# [Dataset entries]
━━━━━━━━━━
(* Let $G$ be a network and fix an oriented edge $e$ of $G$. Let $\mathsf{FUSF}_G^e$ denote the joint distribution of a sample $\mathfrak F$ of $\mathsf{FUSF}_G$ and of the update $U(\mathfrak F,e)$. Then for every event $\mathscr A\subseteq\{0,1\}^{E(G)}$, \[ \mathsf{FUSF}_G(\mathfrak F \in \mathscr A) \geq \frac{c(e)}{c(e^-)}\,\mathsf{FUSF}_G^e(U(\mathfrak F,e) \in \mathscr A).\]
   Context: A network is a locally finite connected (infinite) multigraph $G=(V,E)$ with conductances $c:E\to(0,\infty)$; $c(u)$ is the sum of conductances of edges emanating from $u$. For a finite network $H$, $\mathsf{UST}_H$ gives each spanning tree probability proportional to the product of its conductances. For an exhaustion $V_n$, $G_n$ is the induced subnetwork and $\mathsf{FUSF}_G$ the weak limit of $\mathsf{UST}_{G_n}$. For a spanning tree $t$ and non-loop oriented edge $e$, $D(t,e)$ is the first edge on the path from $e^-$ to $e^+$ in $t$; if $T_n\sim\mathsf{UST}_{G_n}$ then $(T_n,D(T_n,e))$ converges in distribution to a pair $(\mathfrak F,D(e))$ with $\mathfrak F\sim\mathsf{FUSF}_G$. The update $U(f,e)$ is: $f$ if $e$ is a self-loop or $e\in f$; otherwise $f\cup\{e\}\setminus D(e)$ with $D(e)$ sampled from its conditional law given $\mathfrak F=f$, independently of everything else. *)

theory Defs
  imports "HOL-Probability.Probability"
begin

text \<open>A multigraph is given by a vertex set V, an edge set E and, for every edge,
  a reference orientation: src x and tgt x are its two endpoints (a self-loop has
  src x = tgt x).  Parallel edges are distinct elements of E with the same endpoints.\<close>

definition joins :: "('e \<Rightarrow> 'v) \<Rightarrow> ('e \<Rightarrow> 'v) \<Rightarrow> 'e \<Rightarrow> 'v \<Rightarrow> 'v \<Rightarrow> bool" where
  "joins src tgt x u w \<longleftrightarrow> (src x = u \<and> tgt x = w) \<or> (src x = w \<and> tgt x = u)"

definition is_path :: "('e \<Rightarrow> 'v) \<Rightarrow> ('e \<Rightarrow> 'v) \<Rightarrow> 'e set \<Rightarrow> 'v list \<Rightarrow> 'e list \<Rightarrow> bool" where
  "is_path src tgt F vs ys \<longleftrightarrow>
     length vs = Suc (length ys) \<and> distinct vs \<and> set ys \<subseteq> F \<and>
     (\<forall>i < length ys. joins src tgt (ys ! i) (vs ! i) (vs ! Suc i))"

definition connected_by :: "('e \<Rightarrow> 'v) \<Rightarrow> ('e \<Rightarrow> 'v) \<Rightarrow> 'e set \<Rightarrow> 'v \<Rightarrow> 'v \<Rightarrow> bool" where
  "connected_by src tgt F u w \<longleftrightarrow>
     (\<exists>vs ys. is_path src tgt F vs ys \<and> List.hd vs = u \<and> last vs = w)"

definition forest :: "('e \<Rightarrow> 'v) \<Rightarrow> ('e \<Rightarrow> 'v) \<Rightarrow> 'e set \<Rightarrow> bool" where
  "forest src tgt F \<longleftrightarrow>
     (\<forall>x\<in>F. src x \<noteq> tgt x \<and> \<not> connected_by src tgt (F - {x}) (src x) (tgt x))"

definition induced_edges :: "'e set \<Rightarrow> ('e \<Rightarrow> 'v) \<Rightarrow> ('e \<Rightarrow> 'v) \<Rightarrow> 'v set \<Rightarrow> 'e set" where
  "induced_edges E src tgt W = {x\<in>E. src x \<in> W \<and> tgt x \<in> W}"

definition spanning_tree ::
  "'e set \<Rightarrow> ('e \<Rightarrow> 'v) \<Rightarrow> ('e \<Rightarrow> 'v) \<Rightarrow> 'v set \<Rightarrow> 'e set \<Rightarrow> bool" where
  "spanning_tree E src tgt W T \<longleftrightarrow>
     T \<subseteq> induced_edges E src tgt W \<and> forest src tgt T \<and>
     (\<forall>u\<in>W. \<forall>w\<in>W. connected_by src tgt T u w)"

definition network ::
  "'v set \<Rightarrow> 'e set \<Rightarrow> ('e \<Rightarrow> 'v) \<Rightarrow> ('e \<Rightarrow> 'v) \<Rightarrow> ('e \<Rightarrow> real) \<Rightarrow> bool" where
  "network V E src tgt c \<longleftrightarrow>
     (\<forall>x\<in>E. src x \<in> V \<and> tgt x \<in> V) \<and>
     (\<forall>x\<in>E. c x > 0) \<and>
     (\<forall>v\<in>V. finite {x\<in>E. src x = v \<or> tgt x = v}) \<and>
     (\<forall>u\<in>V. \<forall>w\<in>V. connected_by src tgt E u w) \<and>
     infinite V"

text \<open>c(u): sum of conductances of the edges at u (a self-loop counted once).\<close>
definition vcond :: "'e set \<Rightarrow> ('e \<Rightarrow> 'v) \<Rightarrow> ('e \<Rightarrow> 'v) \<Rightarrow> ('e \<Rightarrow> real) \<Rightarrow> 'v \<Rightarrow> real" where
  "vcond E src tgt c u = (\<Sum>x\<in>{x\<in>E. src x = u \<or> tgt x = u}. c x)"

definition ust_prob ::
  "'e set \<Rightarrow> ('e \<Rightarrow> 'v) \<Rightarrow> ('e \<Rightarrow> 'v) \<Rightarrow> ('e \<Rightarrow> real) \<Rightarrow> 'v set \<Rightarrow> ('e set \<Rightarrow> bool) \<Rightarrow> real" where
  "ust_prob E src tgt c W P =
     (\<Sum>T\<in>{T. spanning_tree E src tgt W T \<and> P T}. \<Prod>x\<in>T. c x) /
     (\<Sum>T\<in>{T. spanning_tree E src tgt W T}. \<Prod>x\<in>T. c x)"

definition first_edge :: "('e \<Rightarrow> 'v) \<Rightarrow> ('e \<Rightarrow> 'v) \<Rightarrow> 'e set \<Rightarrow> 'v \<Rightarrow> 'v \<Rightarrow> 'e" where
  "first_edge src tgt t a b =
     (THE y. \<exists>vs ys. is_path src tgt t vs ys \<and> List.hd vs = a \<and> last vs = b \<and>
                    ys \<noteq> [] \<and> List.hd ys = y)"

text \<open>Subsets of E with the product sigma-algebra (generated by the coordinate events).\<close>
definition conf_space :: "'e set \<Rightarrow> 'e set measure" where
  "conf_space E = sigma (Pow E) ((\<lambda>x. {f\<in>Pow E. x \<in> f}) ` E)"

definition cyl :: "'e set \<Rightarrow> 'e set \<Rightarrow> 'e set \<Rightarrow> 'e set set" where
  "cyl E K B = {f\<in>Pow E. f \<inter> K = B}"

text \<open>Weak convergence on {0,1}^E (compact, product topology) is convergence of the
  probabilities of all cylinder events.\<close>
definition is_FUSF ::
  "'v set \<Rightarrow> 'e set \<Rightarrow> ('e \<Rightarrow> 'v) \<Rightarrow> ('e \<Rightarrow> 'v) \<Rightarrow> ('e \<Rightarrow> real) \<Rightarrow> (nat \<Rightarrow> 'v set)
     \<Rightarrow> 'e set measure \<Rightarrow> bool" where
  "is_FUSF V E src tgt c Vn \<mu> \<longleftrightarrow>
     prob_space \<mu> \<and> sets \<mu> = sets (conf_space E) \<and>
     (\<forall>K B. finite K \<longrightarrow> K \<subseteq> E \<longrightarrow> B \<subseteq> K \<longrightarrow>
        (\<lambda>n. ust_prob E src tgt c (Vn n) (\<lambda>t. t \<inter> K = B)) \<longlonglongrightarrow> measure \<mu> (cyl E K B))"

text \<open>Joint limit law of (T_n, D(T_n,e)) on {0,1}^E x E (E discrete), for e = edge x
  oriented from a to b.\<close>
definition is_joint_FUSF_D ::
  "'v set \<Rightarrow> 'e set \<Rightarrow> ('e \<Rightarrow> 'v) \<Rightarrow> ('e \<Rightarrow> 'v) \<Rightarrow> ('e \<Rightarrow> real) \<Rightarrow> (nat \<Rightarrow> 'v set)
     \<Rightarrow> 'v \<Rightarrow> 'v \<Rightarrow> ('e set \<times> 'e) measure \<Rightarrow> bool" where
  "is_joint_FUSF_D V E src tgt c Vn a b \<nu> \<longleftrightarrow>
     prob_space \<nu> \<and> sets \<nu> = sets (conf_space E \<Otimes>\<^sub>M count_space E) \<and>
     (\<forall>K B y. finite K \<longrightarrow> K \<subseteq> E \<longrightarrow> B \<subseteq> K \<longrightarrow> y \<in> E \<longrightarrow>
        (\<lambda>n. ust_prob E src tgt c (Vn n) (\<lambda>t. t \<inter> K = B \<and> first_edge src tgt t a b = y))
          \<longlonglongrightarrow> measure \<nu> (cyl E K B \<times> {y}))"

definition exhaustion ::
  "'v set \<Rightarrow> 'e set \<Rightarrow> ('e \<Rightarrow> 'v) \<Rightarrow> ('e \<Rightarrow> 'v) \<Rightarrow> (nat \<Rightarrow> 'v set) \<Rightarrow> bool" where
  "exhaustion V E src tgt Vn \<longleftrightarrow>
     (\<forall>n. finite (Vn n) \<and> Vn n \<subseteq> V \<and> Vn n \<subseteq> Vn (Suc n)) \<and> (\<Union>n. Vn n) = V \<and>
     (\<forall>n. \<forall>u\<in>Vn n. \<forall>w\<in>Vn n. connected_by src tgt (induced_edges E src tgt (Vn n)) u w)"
━━━━━━━━━━
# [Your goal]
All lines above between those holding "text \<open>Subsets of" and "(\<forall>K B y.", inclusive, must be set down unchanged, and no other line may be included.

# [Answer to the exercise]
text \<open>Subsets of E with the product sigma-algebra (generated by the coordinate events).\<close>
definition conf_space :: "'e set \<Rightarrow> 'e set measure" where
  "conf_space E = sigma (Pow E) ((\<lambda>x. {f\<in>Pow E. x \<in> f}) ` E)"

definition cyl :: "'e set \<Rightarrow> 'e set \<Rightarrow> 'e set \<Rightarrow> 'e set set" where
  "cyl E K B = {f\<in>Pow E. f \<inter> K = B}"

text \<open>Weak convergence on {0,1}^E (compact, product topology) is convergence of the
  probabilities of all cylinder events.\<close>
definition is_FUSF ::
  "'v set \<Rightarrow> 'e set \<Rightarrow> ('e \<Rightarrow> 'v) \<Rightarrow> ('e \<Rightarrow> 'v) \<Rightarrow> ('e \<Rightarrow> real) \<Rightarrow> (nat \<Rightarrow> 'v set)
     \<Rightarrow> 'e set measure \<Rightarrow> bool" where
  "is_FUSF V E src tgt c Vn \<mu> \<longleftrightarrow>
     prob_space \<mu> \<and> sets \<mu> = sets (conf_space E) \<and>
     (\<forall>K B. finite K \<longrightarrow> K \<subseteq> E \<longrightarrow> B \<subseteq> K \<longrightarrow>
        (\<lambda>n. ust_prob E src tgt c (Vn n) (\<lambda>t. t \<inter> K = B)) \<longlonglongrightarrow> measure \<mu> (cyl E K B))"

text \<open>Joint limit law of (T_n, D(T_n,e)) on {0,1}^E x E (E discrete), for e = edge x
  oriented from a to b.\<close>
definition is_joint_FUSF_D ::
  "'v set \<Rightarrow> 'e set \<Rightarrow> ('e \<Rightarrow> 'v) \<Rightarrow> ('e \<Rightarrow> 'v) \<Rightarrow> ('e \<Rightarrow> real) \<Rightarrow> (nat \<Rightarrow> 'v set)
     \<Rightarrow> 'v \<Rightarrow> 'v \<Rightarrow> ('e set \<times> 'e) measure \<Rightarrow> bool" where
  "is_joint_FUSF_D V E src tgt c Vn a b \<nu> \<longleftrightarrow>
     prob_space \<nu> \<and> sets \<nu> = sets (conf_space E \<Otimes>\<^sub>M count_space E) \<and>
     (\<forall>K B y. finite K \<longrightarrow> K \<subseteq> E \<longrightarrow> B \<subseteq> K \<longrightarrow> y \<in> E \<longrightarrow>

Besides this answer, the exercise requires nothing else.